Mining Japan’s grey economy

Japan’s ageing populace is driving huge strides in technology and products


In depopulated rural Japan, a drone flies to a remote farm and drops off a prescription for a bed-ridden patient. A plastic sensor attached to her body monitors her vital signs, which are wirelessly transmitted to a doctor's personal computer. The doctor has sent the drone. Nearby, an elderly farmer wearing a robot harness lifts boxes of potatoes on to a truck. A stroke has weakened the left side of his body but with the machine's help he barely feels the weight of the 14kg boxes.

Japan has long been a repository for science fiction fantasies about technology’s capacity to improve lives, but all of these are real examples.

Trading company Mitsui has developed a prototype of a robot suit, with Panasonic, modelled on technology from the movie Aliens. Unmanned aerial vehicles have been used experimentally in Fukushima Prefecture to reach people, many of them elderly, in remote areas. A venture firm affiliated with the University of Tokyo has launched a sensor system that measures heart rate, body temperature, respiration, pulse and other vitals, which can be monitored using a remote internet connection.

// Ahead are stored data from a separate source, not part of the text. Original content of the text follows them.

lemma T_CNN_eq_lifted_objective: "T_CNN \<sigma> L1 L2 X A K b c P W bh ch = lifted.lifted_objective"
proof -
  define f where "f k = lifted.layer_weight k * (frob_norm (lifted.residual k))\<^sup>2" for k
  have conv_terms: "f k = omega L1 L2 K P W k *
      (frob_norm (K k * P (k - 1) * map_mat \<sigma> (c (k - 1)) + bcast (b k) N - c k))\<^sup>2"
    if "2 \<le> k" "k \<le> L1" for k
    using that unfolding f_def layer_weight_conv[OF that(2)] lifted.residual_def by simp
  have fc_terms: "f (L1 + l) = omega_hat L2 W l *
      (frob_norm (W l * map_mat \<sigma> (ch (l - 1)) + bcast (bh l) N - ch l))\<^sup>2"
    if "2 \<le> l" for l
    using that layer_weight_fc[of l] unfolding f_def lifted.residual_def by simp
  have "(\<Sum>k\<in>{1..L1 + L2 - 1}. f k) = (\<Sum>k\<in>{1..L1}. f k) + (\<Sum>l\<in>{1..L2 - 1}. f (L1 + l))"
    using sum_atLeastAtMost_add_split[of f L1 "L2 - 1"] L2_ge_2 by simp
  also have "(\<Sum>k\<in>{1..L1}. f k) = f 1 + (\<Sum>k\<in>{2..L1}. f k)"
    using L1_pos sum.atLeast_Suc_atMost[of 1 L1 f] by (simp add: numeral_2_eq_2)
  also have "(\<Sum>l\<in>{1..L2 - 1}. f (L1 + l)) = f (L1 + 1) + (\<Sum>l\<in>{2..L2 - 1}. f (L1 + l))"
    using L2_ge_2 sum.atLeast_Suc_atMost[of 1 "L2 - 1" "\<lambda>l. f (L1 + l)"] by (simp add: numeral_2_eq_2)
  finally have "(\<Sum>k\<in>{1..L1 + L2 - 1}. f k) = f 1 + (\<Sum>k\<in>{2..L1}. f k) + f (L1 + 1) + (\<Sum>l\<in>{2..L2 - 1}. f (L1 + l))"
    by (simp add: add.assoc)
  moreover have "f 1 = omega L1 L2 K P W 1 * (frob_norm (K 1 * X + bcast (b 1) N - c 1))\<^sup>2"
    using L1_pos unfolding f_def layer_weight_conv[OF L1_pos] lifted.residual_def by simp
  moreover have "f (L1 + 1) = omega_hat L2 W 1 *
      (frob_norm (W 1 * P L1 * map_mat \<sigma> (c L1) + bcast (bh 1) N - ch 1))\<^sup>2"
    using L1_pos unfolding f_def layer_weight_fc[OF order_refl] lifted.residual_def by simp
  moreover have "lifted.lifted_output = W L2 * map_mat \<sigma> (ch (L2 - 1))"
    using L2_ge_2 layer_mat_fc[of L2] unfolding lifted.lifted_output_def by simp
  ultimately show ?thesis
    unfolding T_CNN_def lifted.lifted_objective_def f_def[symmetric] using X_carrier
    by (simp add: conv_terms fc_terms)
qed

end

theorem theorem4p1:
  fixes \<sigma> :: "real \<Rightarrow> real" and B :: real
    and L1 L2 d N J :: nat
    and m p n :: "nat \<Rightarrow> nat"
    and X A :: "real mat"
    and K P W c ch :: "nat \<Rightarrow> real mat"
    and b bh :: "nat \<Rightarrow> real vec"
  assumes "L1 \<ge> 1" and "L2 \<ge> 2"
    and "X \<in> carrier_mat d N"
    and "A \<in> carrier_mat J N" and "one_hot_cols A"
    and "B > 0" and "lipschitz_with B \<sigma>"
    and "\<forall>l\<in>{1..L1}. K l \<in> carrier_mat (m l) (if l = 1 then d else p (l - 1))
                  \<and> P l \<in> carrier_mat (p l) (m l)
                  \<and> b l \<in> carrier_vec (m l)
                  \<and> c l \<in> carrier_mat (m l) N"
    and "\<forall>l\<in>{1..<L2}. W l \<in> carrier_mat (n l) (if l = 1 then p L1 else n (l - 1))
                  \<and> bh l \<in> carrier_vec (n l)
                  \<and> ch l \<in> carrier_mat (n l) N"
    and "W L2 \<in> carrier_mat J (n (L2 - 1))"
  shows "L_loss (phi_CNN_mat \<sigma> L1 L2 K b P W bh X) A
         \<le> max (sqrt 2) (max (2 * B) (2 * B ^ (L1 + L2 - 1)))
            * sqrt (real (L1 + L2 - 1))
            * L_S_CNN \<sigma> L1 L2 X A K b c P W bh ch"
proof -
  interpret cnn_setting \<sigma> B L1 L2 d N J m p n X A K P W c ch b bh
    by (rule cnn_setting.intro) (rule assms)+
  have "2 * max B (B ^ (L1 + L2 - 1)) = max (2 * B) (2 * B ^ (L1 + L2 - 1))"
    by (simp add: max_mult_distrib_left)
  moreover have "L_S_CNN \<sigma> L1 L2 X A K b c P W bh ch = 1 / sqrt (real N) * sqrt lifted.lifted_objective"
    using X_carrier unfolding L_S_CNN_def T_CNN_eq_lifted_objective by simp
  ultimately show ?thesis
    using lifted.loss_le_lifted_objective by simp
qed

end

Many societies are ageing, from America to China, but Japan has a head start. One in four Japanese are over 65; by 2035, it will be one in three, predicts the government. That makes it the world's laboratory for developing innovative products and services for older people. Some companies have been driven overseas in search of clients. Others, though, have made a virtue out of Japan's demographic challenges.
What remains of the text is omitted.